+++ Exercise materials +++

lemma is_tree_edge_rel:
  "is_tree V E \<longleftrightarrow> finite V \<and> V \<noteq> {} \<and> (\<forall>e\<in>E. e \<subseteq> V \<and> card e = 2) \<and>
     (\<forall>x\<in>V. \<forall>y\<in>V. (x, y) \<in> (edge_rel E)\<^sup>*) \<and> card E = card V - 1"
  by (simp add: is_tree_def edge_rel_def)

lemma tree_edge_is_bridge:
  assumes tree: "is_tree V E" and e: "{a, b} \<in> E"
  shows "(a, b) \<notin> (edge_rel (E - {{a, b}}))\<^sup>*"
proof
  let ?E' = "E - {{a, b}}"
  assume ab: "(a, b) \<in> (edge_rel ?E')\<^sup>*"
  have edges: "\<forall>e\<in>E. e \<subseteq> V \<and> card e = 2"
    and conn: "\<forall>x\<in>V. \<forall>y\<in>V. (x, y) \<in> (edge_rel E)\<^sup>*" and card_E: "card E = card V - 1"
    and fin_V: "finite V"
    using tree by (simp_all add: is_tree_edge_rel)
  have "E \<subseteq> Pow V" using edges by blast
  hence fin_E: "finite E" using fin_V by (simp add: finite_subset)
  have "edge_rel E \<subseteq> (edge_rel ?E')\<^sup>*"
  proof
    fix p assume "p \<in> edge_rel E"
    then obtain u v where p: "p = (u, v)" "{u, v} \<in> E" by (auto simp: edge_rel_def)
    show "p \<in> (edge_rel ?E')\<^sup>*"
    proof (cases "{u, v} = {a, b}")
      case True
      moreover have "(b, a) \<in> (edge_rel ?E')\<^sup>*"
        using ab equiv_rtrancl_edge_rel by (metis equiv_def symD)
      ultimately show ?thesis using ab p by (auto simp: doubleton_eq_iff)
    next
      case False
      then show ?thesis using p by (auto simp: edge_rel_def)
    qed
  qed
  hence "(edge_rel E)\<^sup>* \<subseteq> (edge_rel ?E')\<^sup>*" by (rule rtrancl_subset_rtrancl)
  moreover have a: "a \<in> V" using edges e by blast
  ultimately have "component ?E' x = component ?E' a" if "x \<in> V" for x
    using conn that component_eq by (metis subsetD)
  hence "component ?E' ` V = {component ?E' a}" using a by blast
  moreover have "card V \<le> card (component ?E' ` V) + card ?E'"
    using fin_V fin_E edges by (intro card_le_card_components_add_card_edges) auto
  moreover have "card ?E' = card E - 1" using e fin_E by simp
  moreover have "card E > 0" using e fin_E card_gt_0_iff by blast
  ultimately show False using card_E by simp
qed
theorem theorem3p6:
  fixes F :: "'h::chilbert_space \<Rightarrow> 'h"
    and G :: "'x::chilbert_space \<Rightarrow> 'h"
    and M M0 C Ms :: "('x \<Rightarrow> complex) \<Rightarrow> 'x"
  assumes F_lin: "clinear F"
    and F_compact: "compact_op F"
    and F_normal: "normal_op F"
    and G_bdd: "bounded_clinear G"
    and M_lin: "clinear_on_dual M"
    and M_bdd: "bounded_on_dual M"
    and Ms_adj: "is_dual_adjoint Ms M"
    and F_fact: "\<And>g. F g = G (Ms (dual_adj G g))"
    and null_fin: "finite_dim_subspace {g. dual_adj G g = (\<lambda>_. 0)}"
    and M_split: "\<forall>f\<in>dual_space. M f = M0 f + C f"
    and C_compact: "compact_on_dual C"
    and M0_sa: "selfadjoint_on_dual M0"
    and M0_coercive: "\<exists>c0>0. \<forall>\<phi>\<in>range (dual_adj G). Re (\<phi> (M0 \<phi>)) \<ge> c0 * (dual_norm \<phi>)\<^sup>2"
  shows "finite {l. eigenvalue F l \<and> Re l < 0}"
proof -
  obtain c0 where "0 < c0"
    and coercive: "\<forall>\<phi>\<in>range (dual_adj G). c0 * (dual_norm \<phi>)\<^sup>2 \<le> Re (\<phi> (M0 \<phi>))"
    using M0_coercive by blast
  obtain Y where "finite Y"
    and small: "\<And>\<psi>. \<psi> \<in> dual_space \<Longrightarrow> \<forall>y\<in>Y. cinner (C \<psi>) y = 0 \<Longrightarrow> norm (C \<psi>) \<le> c0 * dual_norm \<psi>"
    by (rule compact_on_dual_small_on_orthogonal[OF C_compact \<open>0 < c0\<close>]) (rule that)
  define \<Phi> where "\<Phi> = (\<lambda>y g. cinner (C (dual_adj G g)) y) ` Y"
  have "finite \<Phi>" unfolding \<Phi>_def using \<open>finite Y\<close> by simp
  have "clinear_on_dual C" using C_compact unfolding compact_on_dual_def by blast
  then have "\<forall>\<phi>\<in>\<Phi>. clinear_functional \<phi>"
    unfolding \<Phi>_def using clinear_functional_dual_adj[OF G_bdd] by blast
  moreover have "0 \<le> Re (cinner (F g) g)" if "\<forall>\<phi>\<in>\<Phi>. \<phi> g = 0" for g
  proof -
    have \<psi>: "dual_adj G g \<in> dual_space" by (rule dual_adj_in_dual_space[OF G_bdd])
    have "\<forall>y\<in>Y. cinner (C (dual_adj G g)) y = 0" using that unfolding \<Phi>_def by auto
    then have "norm (C (dual_adj G g)) \<le> c0 * dual_norm (dual_adj G g)" by (rule small[OF \<psi>])
    then have "0 \<le> Re (dual_adj G g (M (dual_adj G g)))"
      using Re_pairing_nonneg_coercive_plus_small[where M = M and M0 = M0 and C = C, OF \<psi>]
        M_split \<psi> coercive by blast
    then show ?thesis using cinner_factorization[where F = F, OF G_bdd Ms_adj F_fact] by simp
  qed
  ultimately show ?thesis
    by (rule finite_negative_eigenvalues[OF F_lin F_normal \<open>finite \<Phi>\<close>])
qed
lemma moves_fixing_isotropic:
  fixes u e :: "'k^'n"
  assumes "herm q u u = 0" "u \<noteq> 0" "w * w ^ q = -1" "j \<noteq> k"
    and "herm q e u = 0" "e $ j = 0" "e $ k = 0" "\<forall>p. u $ p \<noteq> 0 \<longrightarrow> e $ p = 0"
  shows "moves_fixing e u (axis j 1 + axis k w)"
proof -
  define c where "c = axis j 1 + axis k w"
  have c: "herm q c c = 0" "herm q e c = 0"
    using assms(3,4,6,7) by (simp_all add: c_def herm_add_left herm_add_right herm_axis_left herm_axis_right)
  show ?thesis
  proof (cases "herm q u c = 0")
    case False
    then show ?thesis
      using assms(1,5) c by (simp add: c_def moves_fixing_by_reflection)
  next
    case True
    text \<open>Pass through an isotropic vector non-orthogonal to both \<open>u\<close> and \<open>c\<close>, supported on
      a coordinate of \<open>u\<close> off the two axes if there is one.\<close>
    obtain v where "herm q v v = 0" "herm q u v \<noteq> 0" "herm q v c \<noteq> 0" "herm q e v = 0"
    proof (cases "\<exists>p. p \<noteq> j \<and> p \<noteq> k \<and> u $ p \<noteq> 0")
      case True
      then obtain p where p: "p \<noteq> j" "p \<noteq> k" "u $ p \<noteq> 0"
        by blast
      then have "e $ p = 0"
        using assms(8) by blast
      with p show ?thesis
        using isotropic_link_off_axes[OF assms(3,4) p assms(6)] that unfolding c_def by blast
    next
      case False
      then have "\<forall>p. p \<noteq> j \<longrightarrow> p \<noteq> k \<longrightarrow> u $ p = 0"
        by blast
      then show ?thesis
        using isotropic_link_on_axes[OF assms(2,3,4)] \<open>herm q u c = 0\<close> assms(6,7) that
        unfolding c_def by blast
    qed
    then have "moves_fixing e u v" "moves_fixing e v c"
      using assms(1,5) c by (simp_all add: moves_fixing_by_reflection)
    then show ?thesis
      unfolding c_def by (rule moves_fixing_trans)
  qed
qed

+++

### How to complete this task
The answer should be the entries, given again without a single difference.

### Your response
lemma is_tree_edge_rel:
  "is_tree V E \<longleftrightarrow> finite V \<and> V \<noteq> {} \<and> (\<forall>e\<in>E. e \<subseteq> V \<and> card e = 2) \<and>
     (\<forall>x\<in>V. \<forall>y\<in>V. (x, y) \<in> (edge_rel E)\<^sup>*) \<and> card E = card V - 1"
  by (simp add: is_tree_def edge_rel_def)

lemma tree_edge_is_bridge:
  assumes tree: "is_tree V E" and e: "{a, b} \<in> E"
  shows "(a, b) \<notin> (edge_rel (E - {{a, b}}))\<^sup>*"
proof
  let ?E' = "E - {{a, b}}"
  assume ab: "(a, b) \<in> (edge_rel ?E')\<^sup>*"
  have edges: "\<forall>e\<in>E. e \<subseteq> V \<and> card e = 2"
    and conn: "\<forall>x\<in>V. \<forall>y\<in>V. (x, y) \<in> (edge_rel E)\<^sup>*" and card_E: "card E = card V - 1"
    and fin_V: "finite V"
    using tree by (simp_all add: is_tree_edge_rel)
  have "E \<subseteq> Pow V" using edges by blast
  hence fin_E: "finite E" using fin_V by (simp add: finite_subset)
  have "edge_rel E \<subseteq> (edge_rel ?E')\<^sup>*"
  proof
    fix p assume "p \<in> edge_rel E"
    then obtain u v where p: "p = (u, v)" "{u, v} \<in> E" by (auto simp: edge_rel_def)
    show "p \<in> (edge_rel ?E')\<^sup>*"
    proof (cases "{u, v} = {a, b}")
      case True
      moreover have "(b, a) \<in> (edge_rel ?E')\<^sup>*"
        using ab equiv_rtrancl_edge_rel by (metis equiv_def symD)
      ultimately show ?thesis using ab p by (auto simp: doubleton_eq_iff)
    next
      case False
      then show ?thesis using p by (auto simp: edge_rel_def)
    qed
  qed
  hence "(edge_rel E)\<^sup>* \<subseteq> (edge_rel ?E')\<^sup>*" by (rule rtrancl_subset_rtrancl)
  moreover have a: "a \<in> V" using edges e by blast
  ultimately have "component ?E' x = component ?E' a" if "x \<in> V" for x
    using conn that component_eq by (metis subsetD)
  hence "component ?E' ` V = {component ?E' a}" using a by blast
  moreover have "card V \<le> card (component ?E' ` V) + card ?E'"
    using fin_V fin_E edges by (intro card_le_card_components_add_card_edges) auto
  moreover have "card ?E' = card E - 1" using e fin_E by simp
  moreover have "card E > 0" using e fin_E card_gt_0_iff by blast
  ultimately show False using card_E by simp
qed
theorem theorem3p6:
  fixes F :: "'h::chilbert_space \<Rightarrow> 'h"
    and G :: "'x::chilbert_space \<Rightarrow> 'h"
    and M M0 C Ms :: "('x \<Rightarrow> complex) \<Rightarrow> 'x"
  assumes F_lin: "clinear F"
    and F_compact: "compact_op F"
    and F_normal: "normal_op F"
    and G_bdd: "bounded_clinear G"
    and M_lin: "clinear_on_dual M"
    and M_bdd: "bounded_on_dual M"
    and Ms_adj: "is_dual_adjoint Ms M"
    and F_fact: "\<And>g. F g = G (Ms (dual_adj G g))"
    and null_fin: "finite_dim_subspace {g. dual_adj G g = (\<lambda>_. 0)}"
    and M_split: "\<forall>f\<in>dual_space. M f = M0 f + C f"
    and C_compact: "compact_on_dual C"
    and M0_sa: "selfadjoint_on_dual M0"
    and M0_coercive: "\<exists>c0>0. \<forall>\<phi>\<in>range (dual_adj G). Re (\<phi> (M0 \<phi>)) \<ge> c0 * (dual_norm \<phi>)\<^sup>2"
  shows "finite {l. eigenvalue F l \<and> Re l < 0}"
proof -
  obtain c0 where "0 < c0"
    and coercive: "\<forall>\<phi>\<in>range (dual_adj G). c0 * (dual_norm \<phi>)\<^sup>2 \<le> Re (\<phi> (M0 \<phi>))"
    using M0_coercive by blast
  obtain Y where "finite Y"
    and small: "\<And>\<psi>. \<psi> \<in> dual_space \<Longrightarrow> \<forall>y\<in>Y. cinner (C \<psi>) y = 0 \<Longrightarrow> norm (C \<psi>) \<le> c0 * dual_norm \<psi>"
    by (rule compact_on_dual_small_on_orthogonal[OF C_compact \<open>0 < c0\<close>]) (rule that)
  define \<Phi> where "\<Phi> = (\<lambda>y g. cinner (C (dual_adj G g)) y) ` Y"
  have "finite \<Phi>" unfolding \<Phi>_def using \<open>finite Y\<close> by simp
  have "clinear_on_dual C" using C_compact unfolding compact_on_dual_def by blast
  then have "\<forall>\<phi>\<in>\<Phi>. clinear_functional \<phi>"
    unfolding \<Phi>_def using clinear_functional_dual_adj[OF G_bdd] by blast
  moreover have "0 \<le> Re (cinner (F g) g)" if "\<forall>\<phi>\<in>\<Phi>. \<phi> g = 0" for g
  proof -
    have \<psi>: "dual_adj G g \<in> dual_space" by (rule dual_adj_in_dual_space[OF G_bdd])
    have "\<forall>y\<in>Y. cinner (C (dual_adj G g)) y = 0" using that unfolding \<Phi>_def by auto
    then have "norm (C (dual_adj G g)) \<le> c0 * dual_norm (dual_adj G g)" by (rule small[OF \<psi>])
    then have "0 \<le> Re (dual_adj G g (M (dual_adj G g)))"
      using Re_pairing_nonneg_coercive_plus_small[where M = M and M0 = M0 and C = C, OF \<psi>]
        M_split \<psi> coercive by blast
    then show ?thesis using cinner_factorization[where F = F, OF G_bdd Ms_adj F_fact] by simp
  qed
  ultimately show ?thesis
    by (rule finite_negative_eigenvalues[OF F_lin F_normal \<open>finite \<Phi>\<close>])
qed
lemma moves_fixing_isotropic:
  fixes u e :: "'k^'n"
  assumes "herm q u u = 0" "u \<noteq> 0" "w * w ^ q = -1" "j \<noteq> k"
    and "herm q e u = 0" "e $ j = 0" "e $ k = 0" "\<forall>p. u $ p \<noteq> 0 \<longrightarrow> e $ p = 0"
  shows "moves_fixing e u (axis j 1 + axis k w)"
proof -
  define c where "c = axis j 1 + axis k w"
  have c: "herm q c c = 0" "herm q e c = 0"
    using assms(3,4,6,7) by (simp_all add: c_def herm_add_left herm_add_right herm_axis_left herm_axis_right)
  show ?thesis
  proof (cases "herm q u c = 0")
    case False
    then show ?thesis
      using assms(1,5) c by (simp add: c_def moves_fixing_by_reflection)
  next
    case True
    text \<open>Pass through an isotropic vector non-orthogonal to both \<open>u\<close> and \<open>c\<close>, supported on
      a coordinate of \<open>u\<close> off the two axes if there is one.\<close>
    obtain v where "herm q v v = 0" "herm q u v \<noteq> 0" "herm q v c \<noteq> 0" "herm q e v = 0"
    proof (cases "\<exists>p. p \<noteq> j \<and> p \<noteq> k \<and> u $ p \<noteq> 0")
      case True
      then obtain p where p: "p \<noteq> j" "p \<noteq> k" "u $ p \<noteq> 0"
        by blast
      then have "e $ p = 0"
        using assms(8) by blast
      with p show ?thesis
        using isotropic_link_off_axes[OF assms(3,4) p assms(6)] that unfolding c_def by blast
    next
      case False
      then have "\<forall>p. p \<noteq> j \<longrightarrow> p \<noteq> k \<longrightarrow> u $ p = 0"
        by blast
      then show ?thesis
        using isotropic_link_on_axes[OF assms(2,3,4)] \<open>herm q u c = 0\<close> assms(6,7) that
        unfolding c_def by blast
    qed
    then have "moves_fixing e u v" "moves_fixing e v c"
      using assms(1,5) c by (simp_all add: moves_fixing_by_reflection)
    then show ?thesis
      unfolding c_def by (rule moves_fixing_trans)
  qed
qed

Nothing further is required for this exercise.